- [EXERCISE BRIEF]: Please repeat, exactly and with nothing extra, the line containing "theory Defs" and every line after it up to the end of the material.

- [GIVEN DATA]:

(* Consider $\min_{x\in\mathbb{R}^p,z\in\mathbb{R}^N}F(x,z):=f(x,z)+g(x)+h(z)$, where: (i) $f$ is differentiable with $M$-Lipschitz joint gradient, i.e. $\|(\nabla_xf(x_1,z_1)-\nabla_xf(x_2,z_2),\nabla_zf(x_1,z_1)-\nabla_zf(x_2,z_2))\|\le M\|(x_1-x_2,z_1-z_2)\|$ for all arguments and some $M>0$, and $g:\mathbb{R}^p\to\mathbb{R}\cup\{\infty\}$, $h:\mathbb{R}^N\to\mathbb{R}\cup\{\infty\}$ are proper, lower semicontinuous and directionally differentiable; (ii) $F$ is bounded below; (iii) $g$ and $h$ are prox-bounded, i.e. $g+\frac\eta2\|\cdot\|^2$ and $h+\frac\eta2\|\cdot\|^2$ are bounded below for some $\eta>0$. Let $\{(x_t,z_t):t\ge0\}$ be generated by the following algorithm (GPALM), run indefinitely: fix an integer $r\ge1$, $\rho_1,\rho_2>1$, $\sigma_1,\sigma_2\in(0,1)$, $0<\underline\eta\le\overline\eta$, a starting point $(x_0,z_0)$, and $\hat\eta_0^x=\hat\eta_0^z=1$. At iteration $t$, for $l=0,1,2,\dots$ set $\eta_t^x=\rho_1^l\hat\eta_t^x$, $\eta_t^z=\rho_2^l\hat\eta_t^z$ and compute $$x_{t+1}\in\operatorname{Prox}_{g/\eta_t^x}\Big(x_t-\tfrac1{\eta_t^x}\nabla_xf(x_t,z_t)\Big),\quad z_{t+1}\in\operatorname{Prox}_{h/\eta_t^z}\Big(z_t-\tfrac1{\eta_t^z}\nabla_zf(x_{t+1},z_t)\Big),$$ stopping at the first $l$ for which $$F(x_{t+1},z_{t+1})\le\max\{F(x_{t-r+1},z_{t-r+1}),\dots,F(x_t,z_t)\}-\tfrac{\sigma_1}2\eta_t^x\|x_{t+1}-x_t\|^2-\tfrac{\sigma_2}2\eta_t^z\|z_{t+1}-z_t\|^2$$ (only indices $\ge0$ in the maximum). Then set $$\hat\eta_{t+1}^x=\min\Big\{\overline\eta,\max\Big\{\underline\eta,\tfrac{\langle x_{t+1}-x_t,\nabla_xf(x_{t+1},z_{t+1})-\nabla_xf(x_t,z_t)\rangle}{\|x_{t+1}-x_t\|^2}\Big\}\Big\},$$ $$\hat\eta_{t+1}^z=\min\Big\{\overline\eta,\max\Big\{\underline\eta,\tfrac{\langle z_{t+1}-z_t,\nabla_zf(x_{t+1},z_{t+1})-\nabla_zf(x_{t+1},z_t)\rangle}{\|z_{t+1}-z_t\|^2}\Big\}\Big\}.$$ If the generated sequence is bounded and $F$ is continuous on a compact set containing the sequence, then $\lim_{t\to\infty}\|x_{t+1}-x_t\|=0$ and $\lim_{t\to\infty}\|z_{t+1}-z_t\|=0$.
   Context: $\|\cdot\|$ is the Euclidean norm. $\operatorname{Prox}_{\phi/\eta}(y):=\operatorname{argmin}_u\{\tfrac1\eta\phi(u)+\tfrac12\|u-y\|^2\}$. The directional derivative is $\phi'(u;d):=\lim_{\tau\to+0}\frac{\phi(u+\tau d)-\phi(u)}{\tau}$ (possibly $+\infty$). *)

theory Defs
  imports "HOL-Analysis.Analysis"
begin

- [TASK SOLUTION]:
theory Defs
  imports "HOL-Analysis.Analysis"
begin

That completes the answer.